In practical applications, the user interest and demand for locations evolve over time. The POI popularity index captures these trends, enabling the KHMM to outperform traditional methods by aligning recommendations with public preferences. By incorporating dynamic temporal data, the KHMM enhances user satisfaction and ensures the timeliness of recommended routes.

4.2. Context-Aware Route Recommendations

The KHMM embeds a knowledge graph into a two-layer HMM, expanding the state space to leverage associations between multi-dimensional POI attributes. Crowdsourced spatiotemporal data are dynamically mapped onto the road network, enabling personalized route recommendations based on user preferences. The results demonstrate that incorporating dynamic temporal and spatial data improves the model’s adaptability to changing user behaviors, supporting real-time, context-aware recommendations. By bridging individual preferences and road network structures, our research offers key insights into the factors shaping travel behavior and contributes to the development of adaptive urban transportation systems.

Furthermore, the POI popularity index integrates bidirectional weights within the knowledge graph, combining static and dynamic data while accounting for environmental interactions. This integration yields more accurate and context-aware recommendations, highlighting the KHMM’s potential to advance intelligent travel services with improved spatial accuracy and personalized planning.
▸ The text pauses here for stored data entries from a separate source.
lemma U_D_le_tangent:
  assumes "0 \<le> b1" "0 < rD" "\<alpha> < 1/2" "\<beta> < 1/2"
  shows "U_D b1 b2 PD rD \<alpha> c
           \<le> U_D b1 b2 PD rD \<beta> c + (\<alpha> - \<beta>) * (2*c - b2*PD - 2*b1 / (1 - 2*\<beta>))"
  using ln_linear_le_tangent[of b1 rD "1 - 2*\<alpha>" "1 - 2*\<beta>" 0] assms
  unfolding U_D_def by (simp add: algebra_simps diff_divide_distrib)

locale d2d_stackelberg =
  fixes b1 b2 PD Rth rC rD :: real
  assumes pos: "0 < b1" "0 < b2" "0 < PD" "0 < Rth" "0 < rC" "0 < rD"
    and rate_gap: "2 * Rth < rC"
begin

text \<open>\<open>amin\<close> is the paper's \<open>a\<close>, the least allocation meeting the rate requirement, and
  \<open>K = U_D amin 0\<close>; \<open>K / (1 - 2*amin)\<close> is the price at which the D2D pair's utility at
  allocation \<open>amin\<close> drops to zero.\<close>

abbreviation "amin \<equiv> Rth / rC"
abbreviation "\<kappa> \<equiv> b2 * PD"
abbreviation "K \<equiv> b1 * ln ((1 - 2 * amin) * rD) - \<kappa> * amin"
abbreviation "cl \<equiv> c_low b1 b2 PD Rth rC"
abbreviation "cu \<equiv> c_up b1 b2 PD rD"
abbreviation "c1 \<equiv> c_one b1 b2 PD Rth rC rD"
abbreviation "c2 \<equiv> c_two b1 b2 PD"
abbreviation "response \<equiv> alpha_star b1 b2 PD Rth rC"
abbreviation "interior_response c \<equiv> 1/2 - b1 / (2*c - \<kappa>)"
abbreviation "leader_payoff c \<equiv> U_C b1 rC (response c) c"
abbreviation "pair_payoff c \<equiv> U_D b1 b2 PD rD (response c) c"
abbreviation "feasible c \<equiv> 0 \<le> c \<and> 0 \<le> pair_payoff c"

lemma amin_bounds: "0 < amin" "amin < 1/2"
  using pos rate_gap by (auto simp: field_simps)

lemma min_share_pos: "0 < 1 - 2*amin"
  using amin_bounds(2) by linarith

lemma kappa_pos: "0 < \<kappa>"
  using pos by simp

lemma c_low_margin: "2*cl - \<kappa> = 2*b1 / (1 - 2*amin)"
proof -
  have "1 - 2*amin = (rC - 2*Rth) / rC"
    using pos by (simp add: field_simps)
  then show ?thesis
    unfolding c_low_def using pos rate_gap by simp
qed

lemma c_low_margin_pos: "0 < 2*cl - \<kappa>"
  unfolding c_low_margin using amin_bounds pos by simp

lemma interior_response_c_low: "interior_response cl = amin"
  unfolding c_low_margin using amin_bounds pos by (simp add: field_simps)

lemma response_below: "c \<le> cl \<Longrightarrow> response c = amin"
  unfolding alpha_star_def by simp

lemma response_above: "cl \<le> c \<Longrightarrow> response c = interior_response c"
  using interior_response_c_low unfolding alpha_star_def by auto

lemma interior_response_mono: "\<kappa>/2 < c \<Longrightarrow> c \<le> c' \<Longrightarrow> interior_response c \<le> interior_response c'"
  using pos by (simp add: divide_left_mono)

lemma interior_share:
  assumes "cl \<le> c"
  shows "0 < 2*c - \<kappa>" "1 - 2 * interior_response c = 2*b1 / (2*c - \<kappa>)"
  using assms c_low_margin_pos by (auto simp: field_simps)

lemma interior_response_bounds:
  assumes "cl \<le> c"
  shows "amin \<le> interior_response c" "interior_response c < 1/2"
  using interior_response_mono[of cl c] interior_response_c_low interior_share[OF assms]
    c_low_margin_pos assms pos by auto

lemma interior_response_pos: "cl \<le> c \<Longrightarrow> 0 < interior_response c"
  using interior_response_bounds(1) amin_bounds(1) by (meson less_le_trans)

lemma response_bounds: "amin \<le> response c" "response c < 1/2"
  using response_below response_above interior_response_bounds amin_bounds
  by (cases "c \<le> cl"; force)+

lemma response_first_order:
  assumes "amin \<le> \<alpha>"
  shows "(\<alpha> - response c) * (2*c - \<kappa> - 2*b1 / (1 - 2 * response c)) \<le> 0"
proof (cases "c \<le> cl")
  case True
  then have "2*c - \<kappa> - 2*b1 / (1 - 2 * response c) = 2 * (c - cl)"
    using response_below c_low_margin by simp
  then show ?thesis
    using True assms response_below by (simp add: mult_nonneg_nonpos)
next
  case False
  then have "1 - 2 * response c = 2*b1 / (2*c - \<kappa>)" "0 < 2*c - \<kappa>"
    using response_above interior_share[of c] by auto
  then have "2*b1 / (1 - 2 * response c) = 2*c - \<kappa>"
    using pos by simp
  then show ?thesis by simp
qed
While the proposed KHMM model demonstrates satisfactory performance, further research is needed to incorporate additional factors. Future work will explore a broader range of entity data and relationships between entities and attributes. With the diversification of social platforms and user needs, new data sources for evaluating POIs and travel factors—such as transportation modes, travel times, and budgets—have emerged. Incorporating these factors will enhance route flexibility and recommendation accuracy, paving the way for more robust and adaptive travel planning systems.